EXERCISE DESCRIPTION:
Find each line below containing the word "equiv" and copy it.

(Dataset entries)
⁂

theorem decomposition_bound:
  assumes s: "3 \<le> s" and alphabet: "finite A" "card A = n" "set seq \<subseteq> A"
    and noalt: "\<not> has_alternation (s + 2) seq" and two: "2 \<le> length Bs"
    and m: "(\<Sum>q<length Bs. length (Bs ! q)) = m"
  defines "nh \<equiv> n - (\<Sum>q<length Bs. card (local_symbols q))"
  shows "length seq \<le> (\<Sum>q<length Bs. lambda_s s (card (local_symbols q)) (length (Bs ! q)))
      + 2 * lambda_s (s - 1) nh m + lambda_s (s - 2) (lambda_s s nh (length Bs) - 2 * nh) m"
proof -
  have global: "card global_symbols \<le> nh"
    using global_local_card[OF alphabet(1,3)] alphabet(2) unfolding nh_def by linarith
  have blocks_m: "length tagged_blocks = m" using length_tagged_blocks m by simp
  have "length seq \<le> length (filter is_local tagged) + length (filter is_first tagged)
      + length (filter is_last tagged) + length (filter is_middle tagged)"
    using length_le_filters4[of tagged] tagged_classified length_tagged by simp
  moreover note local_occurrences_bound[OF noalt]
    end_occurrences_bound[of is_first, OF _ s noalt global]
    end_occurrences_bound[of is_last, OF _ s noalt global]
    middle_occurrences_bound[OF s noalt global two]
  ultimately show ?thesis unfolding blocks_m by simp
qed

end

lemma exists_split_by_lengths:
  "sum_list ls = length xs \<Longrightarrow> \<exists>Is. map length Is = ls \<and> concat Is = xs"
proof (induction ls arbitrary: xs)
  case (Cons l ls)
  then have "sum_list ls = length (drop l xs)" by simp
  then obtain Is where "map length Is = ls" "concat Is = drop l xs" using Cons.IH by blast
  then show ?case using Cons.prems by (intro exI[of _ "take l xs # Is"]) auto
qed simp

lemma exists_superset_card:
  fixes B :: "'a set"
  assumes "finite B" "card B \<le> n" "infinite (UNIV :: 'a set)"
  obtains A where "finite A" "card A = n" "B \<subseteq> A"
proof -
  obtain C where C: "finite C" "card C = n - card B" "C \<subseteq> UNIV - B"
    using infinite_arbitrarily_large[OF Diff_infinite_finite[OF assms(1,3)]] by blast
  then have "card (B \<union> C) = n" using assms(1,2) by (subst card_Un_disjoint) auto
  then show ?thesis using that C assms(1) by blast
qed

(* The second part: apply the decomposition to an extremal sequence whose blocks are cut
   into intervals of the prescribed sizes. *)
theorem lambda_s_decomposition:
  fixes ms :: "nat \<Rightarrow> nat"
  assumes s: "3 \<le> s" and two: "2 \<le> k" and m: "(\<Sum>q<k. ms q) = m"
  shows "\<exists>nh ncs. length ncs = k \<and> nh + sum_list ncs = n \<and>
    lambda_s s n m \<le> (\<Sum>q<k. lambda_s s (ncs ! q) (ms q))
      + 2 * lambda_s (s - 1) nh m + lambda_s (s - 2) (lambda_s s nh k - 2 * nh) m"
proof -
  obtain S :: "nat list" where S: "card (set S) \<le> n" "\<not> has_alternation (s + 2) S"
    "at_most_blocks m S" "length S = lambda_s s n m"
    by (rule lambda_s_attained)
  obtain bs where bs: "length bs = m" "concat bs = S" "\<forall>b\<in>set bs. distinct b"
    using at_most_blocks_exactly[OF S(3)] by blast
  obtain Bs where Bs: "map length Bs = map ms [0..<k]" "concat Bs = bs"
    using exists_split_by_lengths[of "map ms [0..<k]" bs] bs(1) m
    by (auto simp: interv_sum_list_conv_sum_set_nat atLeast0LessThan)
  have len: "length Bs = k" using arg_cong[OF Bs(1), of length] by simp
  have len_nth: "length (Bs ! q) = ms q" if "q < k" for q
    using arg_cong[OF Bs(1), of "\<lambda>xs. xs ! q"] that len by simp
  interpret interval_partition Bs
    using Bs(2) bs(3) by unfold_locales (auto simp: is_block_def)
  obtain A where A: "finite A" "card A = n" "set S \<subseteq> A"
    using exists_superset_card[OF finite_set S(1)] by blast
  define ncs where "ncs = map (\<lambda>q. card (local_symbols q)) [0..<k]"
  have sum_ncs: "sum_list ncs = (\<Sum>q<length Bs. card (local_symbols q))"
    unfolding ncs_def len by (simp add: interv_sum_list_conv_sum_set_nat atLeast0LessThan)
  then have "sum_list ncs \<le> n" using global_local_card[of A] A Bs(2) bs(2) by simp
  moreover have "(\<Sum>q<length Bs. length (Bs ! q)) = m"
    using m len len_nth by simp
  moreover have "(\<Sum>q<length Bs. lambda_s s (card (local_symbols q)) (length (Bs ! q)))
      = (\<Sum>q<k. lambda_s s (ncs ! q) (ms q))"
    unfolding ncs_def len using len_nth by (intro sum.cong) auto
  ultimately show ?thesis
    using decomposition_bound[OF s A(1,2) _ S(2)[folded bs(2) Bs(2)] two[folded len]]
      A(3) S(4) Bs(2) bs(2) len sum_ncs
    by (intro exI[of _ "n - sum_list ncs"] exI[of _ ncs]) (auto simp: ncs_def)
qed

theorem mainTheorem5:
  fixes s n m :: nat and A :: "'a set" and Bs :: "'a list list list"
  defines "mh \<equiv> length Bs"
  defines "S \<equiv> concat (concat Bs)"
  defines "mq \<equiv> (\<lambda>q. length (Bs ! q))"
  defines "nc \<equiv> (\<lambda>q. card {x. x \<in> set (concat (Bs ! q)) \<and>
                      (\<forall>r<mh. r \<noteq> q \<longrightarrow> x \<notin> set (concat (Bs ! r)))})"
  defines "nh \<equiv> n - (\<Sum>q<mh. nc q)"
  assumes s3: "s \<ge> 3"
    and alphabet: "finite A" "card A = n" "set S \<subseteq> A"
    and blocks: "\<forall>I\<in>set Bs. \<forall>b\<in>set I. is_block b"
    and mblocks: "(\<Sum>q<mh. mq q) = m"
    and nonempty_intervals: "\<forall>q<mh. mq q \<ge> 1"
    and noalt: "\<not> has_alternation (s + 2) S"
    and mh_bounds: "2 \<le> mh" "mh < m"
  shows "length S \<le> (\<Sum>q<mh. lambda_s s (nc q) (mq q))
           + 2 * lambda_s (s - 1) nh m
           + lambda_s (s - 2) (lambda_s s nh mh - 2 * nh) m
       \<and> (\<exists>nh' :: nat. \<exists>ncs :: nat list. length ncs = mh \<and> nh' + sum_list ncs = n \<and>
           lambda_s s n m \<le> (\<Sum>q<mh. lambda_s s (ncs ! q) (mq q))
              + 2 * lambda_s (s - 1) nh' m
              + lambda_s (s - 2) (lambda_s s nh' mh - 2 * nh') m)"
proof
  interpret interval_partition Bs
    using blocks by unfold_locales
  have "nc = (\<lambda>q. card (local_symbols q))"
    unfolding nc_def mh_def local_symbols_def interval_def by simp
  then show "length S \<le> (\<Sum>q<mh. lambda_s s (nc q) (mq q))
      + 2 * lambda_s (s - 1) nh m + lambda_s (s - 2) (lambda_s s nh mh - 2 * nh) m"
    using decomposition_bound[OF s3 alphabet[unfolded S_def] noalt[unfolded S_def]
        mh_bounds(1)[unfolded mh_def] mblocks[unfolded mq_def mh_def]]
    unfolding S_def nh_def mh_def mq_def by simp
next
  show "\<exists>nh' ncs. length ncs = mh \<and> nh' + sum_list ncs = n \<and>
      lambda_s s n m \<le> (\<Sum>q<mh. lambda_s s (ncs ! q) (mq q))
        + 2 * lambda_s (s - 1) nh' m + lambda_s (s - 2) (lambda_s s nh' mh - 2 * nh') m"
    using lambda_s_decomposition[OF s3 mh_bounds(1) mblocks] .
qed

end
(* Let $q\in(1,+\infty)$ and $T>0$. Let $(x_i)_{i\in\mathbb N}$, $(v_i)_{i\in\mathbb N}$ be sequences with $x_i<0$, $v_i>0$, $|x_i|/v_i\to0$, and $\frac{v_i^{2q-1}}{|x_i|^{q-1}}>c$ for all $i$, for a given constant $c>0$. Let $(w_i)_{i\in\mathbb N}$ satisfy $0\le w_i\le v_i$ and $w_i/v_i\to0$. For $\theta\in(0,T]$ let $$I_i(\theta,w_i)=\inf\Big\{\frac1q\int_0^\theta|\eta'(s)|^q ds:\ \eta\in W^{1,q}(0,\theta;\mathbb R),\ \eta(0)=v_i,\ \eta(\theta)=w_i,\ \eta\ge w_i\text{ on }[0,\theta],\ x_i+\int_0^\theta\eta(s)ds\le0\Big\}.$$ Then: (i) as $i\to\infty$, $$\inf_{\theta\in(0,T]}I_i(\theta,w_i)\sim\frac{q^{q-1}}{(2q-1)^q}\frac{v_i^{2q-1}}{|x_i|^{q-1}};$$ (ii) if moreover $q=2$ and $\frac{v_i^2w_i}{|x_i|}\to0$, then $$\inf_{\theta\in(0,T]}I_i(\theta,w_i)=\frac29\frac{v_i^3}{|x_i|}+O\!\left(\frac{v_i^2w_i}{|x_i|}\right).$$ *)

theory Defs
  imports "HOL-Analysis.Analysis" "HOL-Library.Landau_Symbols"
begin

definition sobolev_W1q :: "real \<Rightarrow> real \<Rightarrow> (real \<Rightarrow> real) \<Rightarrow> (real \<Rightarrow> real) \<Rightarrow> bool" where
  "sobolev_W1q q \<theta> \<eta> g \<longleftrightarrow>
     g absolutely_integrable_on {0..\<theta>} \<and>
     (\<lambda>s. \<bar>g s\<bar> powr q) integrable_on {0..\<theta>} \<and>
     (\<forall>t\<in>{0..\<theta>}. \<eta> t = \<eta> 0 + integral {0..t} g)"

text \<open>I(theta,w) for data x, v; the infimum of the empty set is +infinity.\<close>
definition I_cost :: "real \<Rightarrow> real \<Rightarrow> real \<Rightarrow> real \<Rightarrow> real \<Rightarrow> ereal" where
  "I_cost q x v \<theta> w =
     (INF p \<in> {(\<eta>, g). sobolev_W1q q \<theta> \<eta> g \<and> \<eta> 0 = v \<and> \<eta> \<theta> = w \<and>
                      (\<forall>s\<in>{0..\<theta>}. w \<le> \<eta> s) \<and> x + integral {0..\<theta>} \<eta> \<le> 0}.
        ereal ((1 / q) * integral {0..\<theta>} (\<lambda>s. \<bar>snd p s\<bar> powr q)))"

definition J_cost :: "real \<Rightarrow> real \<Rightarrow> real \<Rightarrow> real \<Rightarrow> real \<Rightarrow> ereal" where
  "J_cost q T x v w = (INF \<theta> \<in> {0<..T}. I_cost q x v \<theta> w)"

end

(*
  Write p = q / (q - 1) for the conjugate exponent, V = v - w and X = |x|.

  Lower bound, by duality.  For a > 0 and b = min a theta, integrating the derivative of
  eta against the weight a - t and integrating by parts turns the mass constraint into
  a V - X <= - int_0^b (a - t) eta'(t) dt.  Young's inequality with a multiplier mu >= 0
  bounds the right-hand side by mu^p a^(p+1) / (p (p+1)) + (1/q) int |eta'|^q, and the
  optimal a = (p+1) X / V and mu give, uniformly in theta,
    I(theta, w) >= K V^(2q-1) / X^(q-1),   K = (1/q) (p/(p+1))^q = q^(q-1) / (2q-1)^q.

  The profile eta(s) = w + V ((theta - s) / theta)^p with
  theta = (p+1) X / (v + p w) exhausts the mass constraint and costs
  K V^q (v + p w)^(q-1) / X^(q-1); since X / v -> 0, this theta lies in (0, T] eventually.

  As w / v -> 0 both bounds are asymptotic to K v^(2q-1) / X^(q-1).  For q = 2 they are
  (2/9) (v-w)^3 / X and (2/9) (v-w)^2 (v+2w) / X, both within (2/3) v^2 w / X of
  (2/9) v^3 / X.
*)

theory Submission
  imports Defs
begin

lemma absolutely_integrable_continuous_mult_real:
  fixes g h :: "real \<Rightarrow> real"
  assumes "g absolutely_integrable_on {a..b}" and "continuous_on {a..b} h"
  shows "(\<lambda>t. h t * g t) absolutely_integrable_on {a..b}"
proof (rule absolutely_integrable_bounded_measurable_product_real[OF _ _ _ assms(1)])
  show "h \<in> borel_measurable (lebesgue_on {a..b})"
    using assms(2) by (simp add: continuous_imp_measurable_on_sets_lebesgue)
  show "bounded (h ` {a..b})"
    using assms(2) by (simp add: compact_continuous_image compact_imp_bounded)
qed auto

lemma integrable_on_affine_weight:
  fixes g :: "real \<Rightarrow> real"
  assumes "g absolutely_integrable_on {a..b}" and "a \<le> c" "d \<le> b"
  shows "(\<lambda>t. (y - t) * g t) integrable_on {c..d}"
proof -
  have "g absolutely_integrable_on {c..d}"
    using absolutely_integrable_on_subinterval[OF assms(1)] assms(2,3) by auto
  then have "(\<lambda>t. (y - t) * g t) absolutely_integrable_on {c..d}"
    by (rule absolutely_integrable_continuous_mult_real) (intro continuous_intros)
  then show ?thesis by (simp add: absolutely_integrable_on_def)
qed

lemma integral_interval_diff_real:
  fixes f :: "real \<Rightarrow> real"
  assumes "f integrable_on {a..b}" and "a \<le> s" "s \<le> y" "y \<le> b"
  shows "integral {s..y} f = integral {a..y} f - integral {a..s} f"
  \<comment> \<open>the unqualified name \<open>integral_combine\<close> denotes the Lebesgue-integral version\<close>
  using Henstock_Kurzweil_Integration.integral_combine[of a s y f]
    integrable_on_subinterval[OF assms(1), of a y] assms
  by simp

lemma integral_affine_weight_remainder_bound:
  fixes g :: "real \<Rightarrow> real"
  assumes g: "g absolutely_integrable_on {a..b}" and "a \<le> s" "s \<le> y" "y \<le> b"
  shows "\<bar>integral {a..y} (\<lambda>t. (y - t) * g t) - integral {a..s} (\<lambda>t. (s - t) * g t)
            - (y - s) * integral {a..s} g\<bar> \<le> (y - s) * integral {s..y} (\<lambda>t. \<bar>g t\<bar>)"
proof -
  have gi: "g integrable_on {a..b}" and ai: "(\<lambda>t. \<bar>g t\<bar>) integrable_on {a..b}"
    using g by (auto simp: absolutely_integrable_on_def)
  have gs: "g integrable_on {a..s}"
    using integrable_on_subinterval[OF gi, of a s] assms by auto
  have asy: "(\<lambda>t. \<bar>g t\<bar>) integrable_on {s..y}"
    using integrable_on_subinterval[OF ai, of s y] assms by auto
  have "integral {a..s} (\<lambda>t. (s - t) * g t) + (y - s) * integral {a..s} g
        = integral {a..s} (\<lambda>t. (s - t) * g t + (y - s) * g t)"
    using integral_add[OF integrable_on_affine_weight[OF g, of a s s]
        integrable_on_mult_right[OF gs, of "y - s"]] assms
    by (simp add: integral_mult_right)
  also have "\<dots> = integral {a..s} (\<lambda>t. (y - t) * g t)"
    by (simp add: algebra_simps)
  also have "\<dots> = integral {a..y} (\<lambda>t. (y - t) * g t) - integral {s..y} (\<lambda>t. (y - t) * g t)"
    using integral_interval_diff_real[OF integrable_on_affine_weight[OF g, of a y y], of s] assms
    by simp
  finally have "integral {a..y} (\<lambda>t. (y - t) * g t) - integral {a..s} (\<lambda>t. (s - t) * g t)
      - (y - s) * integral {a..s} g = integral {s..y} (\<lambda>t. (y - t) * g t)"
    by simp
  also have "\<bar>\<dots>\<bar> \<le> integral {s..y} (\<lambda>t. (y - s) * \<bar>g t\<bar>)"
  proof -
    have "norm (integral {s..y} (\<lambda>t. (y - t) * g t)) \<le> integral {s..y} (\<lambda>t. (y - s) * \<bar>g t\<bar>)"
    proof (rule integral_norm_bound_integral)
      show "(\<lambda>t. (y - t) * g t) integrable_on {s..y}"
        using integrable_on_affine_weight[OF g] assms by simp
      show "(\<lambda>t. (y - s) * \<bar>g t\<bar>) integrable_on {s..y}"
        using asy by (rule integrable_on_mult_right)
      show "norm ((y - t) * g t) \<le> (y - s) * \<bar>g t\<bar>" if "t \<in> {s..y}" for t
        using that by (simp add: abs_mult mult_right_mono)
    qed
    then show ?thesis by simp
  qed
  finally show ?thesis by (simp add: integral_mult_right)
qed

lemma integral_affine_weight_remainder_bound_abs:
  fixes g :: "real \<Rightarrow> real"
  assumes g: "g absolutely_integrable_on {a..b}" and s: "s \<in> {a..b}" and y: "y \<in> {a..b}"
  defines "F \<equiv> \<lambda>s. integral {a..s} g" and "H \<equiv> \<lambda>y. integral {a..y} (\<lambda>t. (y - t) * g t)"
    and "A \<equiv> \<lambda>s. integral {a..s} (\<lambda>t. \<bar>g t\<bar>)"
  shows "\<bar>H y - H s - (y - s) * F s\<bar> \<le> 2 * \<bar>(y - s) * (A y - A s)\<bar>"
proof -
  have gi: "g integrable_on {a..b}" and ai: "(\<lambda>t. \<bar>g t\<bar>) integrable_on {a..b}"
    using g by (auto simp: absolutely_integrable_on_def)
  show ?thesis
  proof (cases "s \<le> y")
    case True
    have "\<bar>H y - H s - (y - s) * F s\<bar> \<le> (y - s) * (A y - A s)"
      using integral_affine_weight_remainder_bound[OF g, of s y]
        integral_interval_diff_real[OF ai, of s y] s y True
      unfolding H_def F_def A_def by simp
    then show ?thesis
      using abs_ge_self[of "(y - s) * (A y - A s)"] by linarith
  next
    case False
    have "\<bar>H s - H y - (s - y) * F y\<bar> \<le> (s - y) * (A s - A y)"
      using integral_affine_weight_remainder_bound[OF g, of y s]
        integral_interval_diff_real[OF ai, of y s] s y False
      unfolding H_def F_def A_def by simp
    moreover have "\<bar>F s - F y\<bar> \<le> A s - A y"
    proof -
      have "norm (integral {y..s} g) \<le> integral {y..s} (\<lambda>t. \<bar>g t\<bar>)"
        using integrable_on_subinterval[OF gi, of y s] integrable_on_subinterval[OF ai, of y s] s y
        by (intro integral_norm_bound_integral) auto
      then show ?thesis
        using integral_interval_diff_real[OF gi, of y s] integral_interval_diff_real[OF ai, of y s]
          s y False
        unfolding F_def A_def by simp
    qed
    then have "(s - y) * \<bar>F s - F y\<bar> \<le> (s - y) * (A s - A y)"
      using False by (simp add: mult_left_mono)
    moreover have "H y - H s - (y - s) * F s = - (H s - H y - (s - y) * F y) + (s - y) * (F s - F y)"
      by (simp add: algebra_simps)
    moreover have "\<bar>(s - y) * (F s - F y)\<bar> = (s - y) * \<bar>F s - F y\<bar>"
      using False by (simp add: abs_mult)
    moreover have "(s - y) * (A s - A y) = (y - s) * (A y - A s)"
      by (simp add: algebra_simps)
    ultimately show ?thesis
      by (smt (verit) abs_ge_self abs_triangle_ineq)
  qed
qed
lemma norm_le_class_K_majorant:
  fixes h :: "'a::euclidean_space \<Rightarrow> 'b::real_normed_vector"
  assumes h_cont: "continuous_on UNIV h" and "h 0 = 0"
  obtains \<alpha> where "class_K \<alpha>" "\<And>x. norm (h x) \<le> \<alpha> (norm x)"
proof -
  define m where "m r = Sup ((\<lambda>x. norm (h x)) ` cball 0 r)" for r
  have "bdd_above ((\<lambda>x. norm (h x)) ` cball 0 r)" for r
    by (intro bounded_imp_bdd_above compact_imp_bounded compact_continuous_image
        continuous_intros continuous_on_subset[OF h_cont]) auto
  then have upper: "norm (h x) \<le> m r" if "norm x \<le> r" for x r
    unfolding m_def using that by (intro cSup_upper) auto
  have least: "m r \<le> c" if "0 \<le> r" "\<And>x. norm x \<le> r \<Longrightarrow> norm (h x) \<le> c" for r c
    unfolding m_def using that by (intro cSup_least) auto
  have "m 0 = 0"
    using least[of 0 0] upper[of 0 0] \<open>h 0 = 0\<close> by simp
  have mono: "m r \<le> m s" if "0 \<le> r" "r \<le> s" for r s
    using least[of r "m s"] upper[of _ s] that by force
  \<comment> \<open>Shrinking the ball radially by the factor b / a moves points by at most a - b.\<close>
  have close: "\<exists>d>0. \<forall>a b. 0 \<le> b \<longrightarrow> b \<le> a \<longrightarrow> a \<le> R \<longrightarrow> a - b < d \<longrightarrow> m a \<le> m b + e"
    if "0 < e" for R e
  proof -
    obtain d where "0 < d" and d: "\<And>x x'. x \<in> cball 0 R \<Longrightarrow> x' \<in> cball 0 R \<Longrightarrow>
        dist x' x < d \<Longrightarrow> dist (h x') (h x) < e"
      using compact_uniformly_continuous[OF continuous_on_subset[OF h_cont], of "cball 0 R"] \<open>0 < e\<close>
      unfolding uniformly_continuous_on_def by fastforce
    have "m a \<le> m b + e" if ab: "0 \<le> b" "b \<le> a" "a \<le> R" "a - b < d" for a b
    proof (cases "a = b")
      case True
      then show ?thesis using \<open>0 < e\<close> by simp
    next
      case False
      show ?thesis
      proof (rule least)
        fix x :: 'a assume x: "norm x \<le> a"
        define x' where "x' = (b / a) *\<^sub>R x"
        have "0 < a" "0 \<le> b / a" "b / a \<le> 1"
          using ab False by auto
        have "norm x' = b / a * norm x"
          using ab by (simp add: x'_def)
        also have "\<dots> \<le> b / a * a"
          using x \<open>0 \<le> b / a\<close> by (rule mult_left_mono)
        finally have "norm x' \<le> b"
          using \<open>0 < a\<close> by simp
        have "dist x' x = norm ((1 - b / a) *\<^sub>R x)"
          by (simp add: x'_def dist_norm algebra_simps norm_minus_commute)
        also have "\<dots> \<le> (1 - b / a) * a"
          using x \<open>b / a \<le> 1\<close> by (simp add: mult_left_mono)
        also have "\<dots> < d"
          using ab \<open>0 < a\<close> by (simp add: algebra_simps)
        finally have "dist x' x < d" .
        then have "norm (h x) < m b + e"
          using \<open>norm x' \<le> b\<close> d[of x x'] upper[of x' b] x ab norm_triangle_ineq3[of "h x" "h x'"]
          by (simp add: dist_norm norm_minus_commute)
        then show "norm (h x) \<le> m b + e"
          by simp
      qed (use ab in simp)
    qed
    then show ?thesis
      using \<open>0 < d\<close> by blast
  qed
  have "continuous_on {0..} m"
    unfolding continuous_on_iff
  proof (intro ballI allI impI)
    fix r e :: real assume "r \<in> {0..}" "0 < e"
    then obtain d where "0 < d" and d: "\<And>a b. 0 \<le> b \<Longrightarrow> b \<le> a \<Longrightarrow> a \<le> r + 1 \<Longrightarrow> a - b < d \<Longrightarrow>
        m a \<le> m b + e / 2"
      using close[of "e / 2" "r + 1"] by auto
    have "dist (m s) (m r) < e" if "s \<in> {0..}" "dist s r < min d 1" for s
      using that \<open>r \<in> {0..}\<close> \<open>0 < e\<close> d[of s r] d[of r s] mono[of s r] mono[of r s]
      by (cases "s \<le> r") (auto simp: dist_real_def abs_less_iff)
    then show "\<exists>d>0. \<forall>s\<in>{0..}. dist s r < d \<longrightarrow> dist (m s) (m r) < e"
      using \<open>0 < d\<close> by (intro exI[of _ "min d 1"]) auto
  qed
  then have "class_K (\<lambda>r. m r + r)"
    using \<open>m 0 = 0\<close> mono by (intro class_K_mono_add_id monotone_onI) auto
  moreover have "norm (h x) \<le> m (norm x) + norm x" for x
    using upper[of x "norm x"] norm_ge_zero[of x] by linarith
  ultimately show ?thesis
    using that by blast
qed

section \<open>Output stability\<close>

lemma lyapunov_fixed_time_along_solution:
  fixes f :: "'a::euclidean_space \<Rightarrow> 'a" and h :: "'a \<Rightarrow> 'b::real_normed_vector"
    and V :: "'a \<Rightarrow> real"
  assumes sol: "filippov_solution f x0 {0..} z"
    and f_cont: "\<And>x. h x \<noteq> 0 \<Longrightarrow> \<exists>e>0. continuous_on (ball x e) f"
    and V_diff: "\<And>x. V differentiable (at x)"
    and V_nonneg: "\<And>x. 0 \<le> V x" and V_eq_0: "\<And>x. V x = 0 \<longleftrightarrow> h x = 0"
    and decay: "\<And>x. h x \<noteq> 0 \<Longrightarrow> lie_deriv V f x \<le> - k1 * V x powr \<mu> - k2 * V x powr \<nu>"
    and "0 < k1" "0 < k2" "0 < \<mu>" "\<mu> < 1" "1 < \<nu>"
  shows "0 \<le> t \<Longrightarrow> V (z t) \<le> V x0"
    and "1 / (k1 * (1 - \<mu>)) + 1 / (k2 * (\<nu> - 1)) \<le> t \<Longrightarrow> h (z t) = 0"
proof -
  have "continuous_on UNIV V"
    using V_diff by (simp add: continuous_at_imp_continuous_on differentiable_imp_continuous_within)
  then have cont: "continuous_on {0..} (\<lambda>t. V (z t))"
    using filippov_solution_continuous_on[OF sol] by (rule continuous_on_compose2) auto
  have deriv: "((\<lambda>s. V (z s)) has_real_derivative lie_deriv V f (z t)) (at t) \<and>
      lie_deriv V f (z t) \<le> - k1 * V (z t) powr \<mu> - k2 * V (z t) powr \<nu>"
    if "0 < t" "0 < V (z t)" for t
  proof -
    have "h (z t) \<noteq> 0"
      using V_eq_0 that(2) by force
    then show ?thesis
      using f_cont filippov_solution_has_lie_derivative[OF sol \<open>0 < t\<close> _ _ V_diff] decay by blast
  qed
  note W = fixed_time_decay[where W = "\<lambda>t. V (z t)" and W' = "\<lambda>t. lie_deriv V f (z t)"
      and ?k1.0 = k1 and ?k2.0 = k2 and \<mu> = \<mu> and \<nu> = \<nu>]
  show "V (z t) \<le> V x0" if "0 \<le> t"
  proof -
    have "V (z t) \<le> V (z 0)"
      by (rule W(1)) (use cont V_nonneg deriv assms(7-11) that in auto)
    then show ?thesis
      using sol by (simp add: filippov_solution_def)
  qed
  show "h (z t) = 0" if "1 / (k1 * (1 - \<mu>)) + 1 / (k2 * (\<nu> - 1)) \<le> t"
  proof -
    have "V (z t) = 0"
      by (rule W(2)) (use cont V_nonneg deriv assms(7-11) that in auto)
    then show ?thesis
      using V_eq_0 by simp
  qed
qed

⁂

RESULT FOR THIS EXERCISE:
  defines "nh \<equiv> n - (\<Sum>q<length Bs. card (local_symbols q))"
  defines "mh \<equiv> length Bs"
  defines "S \<equiv> concat (concat Bs)"
  defines "mq \<equiv> (\<lambda>q. length (Bs ! q))"
  defines "nc \<equiv> (\<lambda>q. card {x. x \<in> set (concat (Bs ! q)) \<and>
  defines "nh \<equiv> n - (\<Sum>q<mh. nc q)"
  defines "F \<equiv> \<lambda>s. integral {a..s} g" and "H \<equiv> \<lambda>y. integral {a..y} (\<lambda>t. (y - t) * g t)"
    and "A \<equiv> \<lambda>s. integral {a..s} (\<lambda>t. \<bar>g t\<bar>)"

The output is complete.